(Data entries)
Content starts

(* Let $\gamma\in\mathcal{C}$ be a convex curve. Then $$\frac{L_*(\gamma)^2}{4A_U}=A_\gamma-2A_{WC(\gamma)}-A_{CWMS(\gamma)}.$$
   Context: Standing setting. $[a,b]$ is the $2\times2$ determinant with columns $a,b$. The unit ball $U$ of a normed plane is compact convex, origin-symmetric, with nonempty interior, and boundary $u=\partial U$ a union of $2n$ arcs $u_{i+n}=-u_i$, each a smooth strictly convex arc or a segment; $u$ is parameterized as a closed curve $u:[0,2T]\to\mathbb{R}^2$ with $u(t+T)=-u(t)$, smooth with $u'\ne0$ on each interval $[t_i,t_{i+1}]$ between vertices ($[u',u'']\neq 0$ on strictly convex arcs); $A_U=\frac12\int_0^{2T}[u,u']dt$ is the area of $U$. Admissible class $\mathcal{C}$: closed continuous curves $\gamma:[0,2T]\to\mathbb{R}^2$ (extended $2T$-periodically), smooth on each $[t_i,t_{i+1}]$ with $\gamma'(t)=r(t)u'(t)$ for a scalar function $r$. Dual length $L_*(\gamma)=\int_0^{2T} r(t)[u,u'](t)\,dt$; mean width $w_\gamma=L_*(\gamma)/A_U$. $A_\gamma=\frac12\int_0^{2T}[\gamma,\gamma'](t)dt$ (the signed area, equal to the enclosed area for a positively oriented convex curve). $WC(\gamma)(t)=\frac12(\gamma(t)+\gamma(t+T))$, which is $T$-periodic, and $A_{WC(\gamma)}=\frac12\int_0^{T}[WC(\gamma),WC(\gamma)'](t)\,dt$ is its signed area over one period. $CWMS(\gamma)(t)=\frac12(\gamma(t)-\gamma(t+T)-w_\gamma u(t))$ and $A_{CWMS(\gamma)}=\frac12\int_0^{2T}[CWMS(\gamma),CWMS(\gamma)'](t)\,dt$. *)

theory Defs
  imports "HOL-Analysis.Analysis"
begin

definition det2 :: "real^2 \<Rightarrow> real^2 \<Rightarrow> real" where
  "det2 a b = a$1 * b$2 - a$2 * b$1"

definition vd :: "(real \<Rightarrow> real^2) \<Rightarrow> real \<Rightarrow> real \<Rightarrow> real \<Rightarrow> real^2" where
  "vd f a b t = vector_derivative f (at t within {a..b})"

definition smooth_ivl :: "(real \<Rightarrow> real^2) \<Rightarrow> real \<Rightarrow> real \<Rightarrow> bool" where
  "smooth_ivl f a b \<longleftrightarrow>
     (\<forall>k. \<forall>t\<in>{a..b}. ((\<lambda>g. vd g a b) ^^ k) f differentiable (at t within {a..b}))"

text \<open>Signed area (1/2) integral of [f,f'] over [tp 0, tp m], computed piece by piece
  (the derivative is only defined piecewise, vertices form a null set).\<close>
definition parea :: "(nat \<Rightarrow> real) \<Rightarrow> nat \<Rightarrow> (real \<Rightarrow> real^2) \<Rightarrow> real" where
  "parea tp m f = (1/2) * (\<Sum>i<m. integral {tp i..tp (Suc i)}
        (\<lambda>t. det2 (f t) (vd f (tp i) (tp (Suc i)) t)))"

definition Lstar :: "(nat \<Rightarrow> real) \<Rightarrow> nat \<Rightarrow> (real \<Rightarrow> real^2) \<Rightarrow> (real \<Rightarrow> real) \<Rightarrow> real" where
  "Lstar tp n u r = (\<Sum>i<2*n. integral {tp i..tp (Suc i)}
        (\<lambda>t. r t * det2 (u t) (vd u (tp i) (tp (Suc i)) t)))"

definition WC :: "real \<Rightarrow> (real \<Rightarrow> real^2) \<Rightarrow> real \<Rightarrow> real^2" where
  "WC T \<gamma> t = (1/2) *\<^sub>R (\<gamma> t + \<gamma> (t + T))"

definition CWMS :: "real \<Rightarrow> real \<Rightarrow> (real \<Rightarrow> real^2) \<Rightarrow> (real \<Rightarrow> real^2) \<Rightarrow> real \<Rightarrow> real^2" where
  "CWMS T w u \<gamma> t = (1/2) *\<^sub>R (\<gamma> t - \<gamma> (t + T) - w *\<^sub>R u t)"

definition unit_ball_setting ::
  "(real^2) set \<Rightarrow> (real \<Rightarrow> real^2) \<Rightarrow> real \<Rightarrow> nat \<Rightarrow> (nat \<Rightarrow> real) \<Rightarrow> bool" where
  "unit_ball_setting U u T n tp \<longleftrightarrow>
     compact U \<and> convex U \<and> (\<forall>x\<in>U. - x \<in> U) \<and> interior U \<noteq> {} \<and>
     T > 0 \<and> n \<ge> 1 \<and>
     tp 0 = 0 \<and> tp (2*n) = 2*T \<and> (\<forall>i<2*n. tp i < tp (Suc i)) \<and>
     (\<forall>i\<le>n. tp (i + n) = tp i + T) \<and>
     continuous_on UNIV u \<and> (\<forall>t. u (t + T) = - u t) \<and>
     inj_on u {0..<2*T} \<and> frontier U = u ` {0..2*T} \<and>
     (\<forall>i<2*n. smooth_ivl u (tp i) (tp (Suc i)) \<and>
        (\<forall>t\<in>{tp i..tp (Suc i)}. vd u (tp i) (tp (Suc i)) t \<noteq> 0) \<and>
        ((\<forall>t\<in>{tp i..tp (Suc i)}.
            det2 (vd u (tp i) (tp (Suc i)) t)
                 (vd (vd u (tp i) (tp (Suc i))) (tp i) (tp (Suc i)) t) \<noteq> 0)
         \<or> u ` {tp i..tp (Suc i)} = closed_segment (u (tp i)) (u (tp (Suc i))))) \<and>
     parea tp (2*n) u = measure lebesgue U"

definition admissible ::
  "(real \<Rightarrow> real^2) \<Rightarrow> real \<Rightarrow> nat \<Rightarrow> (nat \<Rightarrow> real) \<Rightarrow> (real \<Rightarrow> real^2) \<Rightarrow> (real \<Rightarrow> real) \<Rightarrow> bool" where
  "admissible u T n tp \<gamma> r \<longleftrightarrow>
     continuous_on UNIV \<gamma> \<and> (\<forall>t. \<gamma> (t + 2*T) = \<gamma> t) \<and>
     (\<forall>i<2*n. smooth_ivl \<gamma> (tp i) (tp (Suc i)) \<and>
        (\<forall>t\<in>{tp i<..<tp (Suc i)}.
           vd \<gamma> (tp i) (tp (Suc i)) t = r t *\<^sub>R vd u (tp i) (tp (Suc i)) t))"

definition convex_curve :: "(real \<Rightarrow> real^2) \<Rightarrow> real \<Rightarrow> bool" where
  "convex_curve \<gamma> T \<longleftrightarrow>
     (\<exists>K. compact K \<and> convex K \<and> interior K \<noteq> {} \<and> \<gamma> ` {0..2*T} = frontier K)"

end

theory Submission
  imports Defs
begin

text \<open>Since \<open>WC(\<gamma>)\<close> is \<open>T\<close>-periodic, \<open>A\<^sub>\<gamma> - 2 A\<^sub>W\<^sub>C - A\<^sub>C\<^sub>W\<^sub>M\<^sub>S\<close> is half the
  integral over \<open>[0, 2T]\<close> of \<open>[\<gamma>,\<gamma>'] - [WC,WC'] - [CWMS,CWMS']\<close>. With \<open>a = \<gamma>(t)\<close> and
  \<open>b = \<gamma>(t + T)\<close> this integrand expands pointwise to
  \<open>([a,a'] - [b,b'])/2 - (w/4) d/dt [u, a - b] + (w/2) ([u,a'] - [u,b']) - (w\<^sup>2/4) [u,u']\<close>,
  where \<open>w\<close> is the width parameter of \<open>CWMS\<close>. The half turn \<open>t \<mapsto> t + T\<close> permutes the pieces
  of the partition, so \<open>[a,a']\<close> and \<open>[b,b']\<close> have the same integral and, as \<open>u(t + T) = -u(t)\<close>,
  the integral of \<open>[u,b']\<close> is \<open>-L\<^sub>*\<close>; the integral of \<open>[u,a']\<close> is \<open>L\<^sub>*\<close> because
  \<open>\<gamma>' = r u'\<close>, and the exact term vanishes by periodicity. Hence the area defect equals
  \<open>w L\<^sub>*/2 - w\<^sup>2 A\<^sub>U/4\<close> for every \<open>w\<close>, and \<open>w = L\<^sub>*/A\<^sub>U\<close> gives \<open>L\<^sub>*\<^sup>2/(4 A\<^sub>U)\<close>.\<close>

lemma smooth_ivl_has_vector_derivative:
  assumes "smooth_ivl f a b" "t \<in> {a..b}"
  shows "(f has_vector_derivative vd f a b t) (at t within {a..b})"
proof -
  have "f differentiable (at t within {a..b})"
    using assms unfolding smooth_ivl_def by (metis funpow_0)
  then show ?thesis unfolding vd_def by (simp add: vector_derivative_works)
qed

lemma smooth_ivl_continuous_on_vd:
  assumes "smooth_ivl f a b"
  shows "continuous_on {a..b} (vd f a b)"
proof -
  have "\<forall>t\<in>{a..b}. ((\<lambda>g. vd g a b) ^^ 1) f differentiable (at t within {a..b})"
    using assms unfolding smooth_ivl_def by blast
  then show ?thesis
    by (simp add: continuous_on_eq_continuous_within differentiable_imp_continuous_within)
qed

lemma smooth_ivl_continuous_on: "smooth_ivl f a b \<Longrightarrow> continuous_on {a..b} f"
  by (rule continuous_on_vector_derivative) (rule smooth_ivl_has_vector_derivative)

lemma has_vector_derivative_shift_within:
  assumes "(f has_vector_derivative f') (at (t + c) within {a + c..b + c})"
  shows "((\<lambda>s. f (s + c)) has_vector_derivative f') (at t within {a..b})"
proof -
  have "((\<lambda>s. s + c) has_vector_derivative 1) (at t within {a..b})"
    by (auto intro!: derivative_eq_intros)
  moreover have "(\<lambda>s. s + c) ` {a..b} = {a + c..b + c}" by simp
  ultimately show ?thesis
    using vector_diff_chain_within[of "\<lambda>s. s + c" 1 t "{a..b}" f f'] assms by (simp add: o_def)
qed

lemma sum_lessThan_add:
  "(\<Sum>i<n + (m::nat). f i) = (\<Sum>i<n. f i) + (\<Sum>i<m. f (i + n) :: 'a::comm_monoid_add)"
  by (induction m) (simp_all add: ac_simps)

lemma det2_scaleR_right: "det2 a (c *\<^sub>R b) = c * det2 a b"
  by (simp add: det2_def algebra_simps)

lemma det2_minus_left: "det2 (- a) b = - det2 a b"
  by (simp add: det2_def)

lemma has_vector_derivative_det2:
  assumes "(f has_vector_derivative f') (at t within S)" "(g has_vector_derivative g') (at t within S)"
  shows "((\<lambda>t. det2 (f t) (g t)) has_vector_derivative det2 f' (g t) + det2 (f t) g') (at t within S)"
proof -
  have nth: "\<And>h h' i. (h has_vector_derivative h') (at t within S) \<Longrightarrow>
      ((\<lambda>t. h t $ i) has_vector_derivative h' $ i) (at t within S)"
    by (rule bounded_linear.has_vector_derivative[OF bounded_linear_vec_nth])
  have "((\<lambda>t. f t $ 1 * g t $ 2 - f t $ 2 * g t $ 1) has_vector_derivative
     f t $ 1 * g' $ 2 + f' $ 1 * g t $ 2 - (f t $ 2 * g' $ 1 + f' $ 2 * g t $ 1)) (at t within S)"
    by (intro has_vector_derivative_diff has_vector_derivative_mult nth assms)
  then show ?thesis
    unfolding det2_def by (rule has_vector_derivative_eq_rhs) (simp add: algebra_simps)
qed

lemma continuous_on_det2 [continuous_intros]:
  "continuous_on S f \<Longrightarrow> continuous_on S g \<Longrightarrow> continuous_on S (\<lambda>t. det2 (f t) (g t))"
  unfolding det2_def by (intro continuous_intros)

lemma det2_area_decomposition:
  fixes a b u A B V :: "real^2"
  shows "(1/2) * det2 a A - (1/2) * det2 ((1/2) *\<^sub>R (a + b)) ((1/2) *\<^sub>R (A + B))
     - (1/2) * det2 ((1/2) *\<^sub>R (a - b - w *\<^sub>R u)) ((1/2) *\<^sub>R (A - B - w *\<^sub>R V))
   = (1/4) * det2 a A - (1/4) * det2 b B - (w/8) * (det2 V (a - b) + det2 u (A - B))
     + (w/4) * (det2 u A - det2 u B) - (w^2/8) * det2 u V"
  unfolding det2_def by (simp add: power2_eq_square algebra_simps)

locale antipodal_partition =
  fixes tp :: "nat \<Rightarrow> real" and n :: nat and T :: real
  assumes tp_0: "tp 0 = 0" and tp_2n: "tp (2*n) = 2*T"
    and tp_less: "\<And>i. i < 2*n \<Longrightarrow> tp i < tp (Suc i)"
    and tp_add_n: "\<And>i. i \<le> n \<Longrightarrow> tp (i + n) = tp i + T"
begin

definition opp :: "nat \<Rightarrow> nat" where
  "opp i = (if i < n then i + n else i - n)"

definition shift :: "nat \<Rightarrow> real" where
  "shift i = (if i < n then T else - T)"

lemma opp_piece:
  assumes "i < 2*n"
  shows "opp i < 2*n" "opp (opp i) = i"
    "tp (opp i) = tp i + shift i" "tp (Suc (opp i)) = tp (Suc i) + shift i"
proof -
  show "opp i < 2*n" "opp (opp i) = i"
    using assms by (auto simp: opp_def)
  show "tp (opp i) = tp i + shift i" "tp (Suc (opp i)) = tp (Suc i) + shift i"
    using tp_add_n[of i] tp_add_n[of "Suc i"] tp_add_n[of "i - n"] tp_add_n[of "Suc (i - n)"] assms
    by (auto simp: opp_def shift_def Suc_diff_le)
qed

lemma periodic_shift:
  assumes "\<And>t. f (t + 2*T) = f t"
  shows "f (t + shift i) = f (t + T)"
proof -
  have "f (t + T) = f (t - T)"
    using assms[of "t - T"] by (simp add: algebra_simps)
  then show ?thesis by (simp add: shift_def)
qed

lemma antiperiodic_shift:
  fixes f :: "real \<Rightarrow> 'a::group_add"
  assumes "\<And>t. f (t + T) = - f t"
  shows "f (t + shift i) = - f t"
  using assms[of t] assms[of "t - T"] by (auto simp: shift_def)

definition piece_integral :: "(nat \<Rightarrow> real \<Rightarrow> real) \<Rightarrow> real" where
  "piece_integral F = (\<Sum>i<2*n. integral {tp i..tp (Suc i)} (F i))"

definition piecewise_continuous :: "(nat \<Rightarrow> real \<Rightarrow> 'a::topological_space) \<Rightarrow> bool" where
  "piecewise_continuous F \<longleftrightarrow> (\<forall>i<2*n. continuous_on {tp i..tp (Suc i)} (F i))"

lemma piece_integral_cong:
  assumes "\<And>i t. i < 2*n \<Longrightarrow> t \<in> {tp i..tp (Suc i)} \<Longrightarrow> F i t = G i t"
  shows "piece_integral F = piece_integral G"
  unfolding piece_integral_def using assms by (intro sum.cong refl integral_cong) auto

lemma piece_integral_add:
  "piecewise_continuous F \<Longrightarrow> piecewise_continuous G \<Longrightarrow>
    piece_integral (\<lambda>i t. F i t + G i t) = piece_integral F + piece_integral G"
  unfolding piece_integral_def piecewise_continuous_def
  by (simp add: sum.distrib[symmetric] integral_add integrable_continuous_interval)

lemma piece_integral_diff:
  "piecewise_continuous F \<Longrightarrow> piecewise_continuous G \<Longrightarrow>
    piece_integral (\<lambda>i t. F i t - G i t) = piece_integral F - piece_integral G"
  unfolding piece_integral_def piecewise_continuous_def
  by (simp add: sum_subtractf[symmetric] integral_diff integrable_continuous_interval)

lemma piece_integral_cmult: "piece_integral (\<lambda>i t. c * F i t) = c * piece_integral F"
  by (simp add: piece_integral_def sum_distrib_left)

Content ends

Each line from the one that includes "F = piece_integral" down to the close of the records above is to be given again exactly, and no other line is to appear.

  shows "piece_integral F = piece_integral G"
  unfolding piece_integral_def using assms by (intro sum.cong refl integral_cong) auto

lemma piece_integral_add:
  "piecewise_continuous F \<Longrightarrow> piecewise_continuous G \<Longrightarrow>
    piece_integral (\<lambda>i t. F i t + G i t) = piece_integral F + piece_integral G"
  unfolding piece_integral_def piecewise_continuous_def
  by (simp add: sum.distrib[symmetric] integral_add integrable_continuous_interval)

lemma piece_integral_diff:
  "piecewise_continuous F \<Longrightarrow> piecewise_continuous G \<Longrightarrow>
    piece_integral (\<lambda>i t. F i t - G i t) = piece_integral F - piece_integral G"
  unfolding piece_integral_def piecewise_continuous_def
  by (simp add: sum_subtractf[symmetric] integral_diff integrable_continuous_interval)

lemma piece_integral_cmult: "piece_integral (\<lambda>i t. c * F i t) = c * piece_integral F"
  by (simp add: piece_integral_def sum_distrib_left)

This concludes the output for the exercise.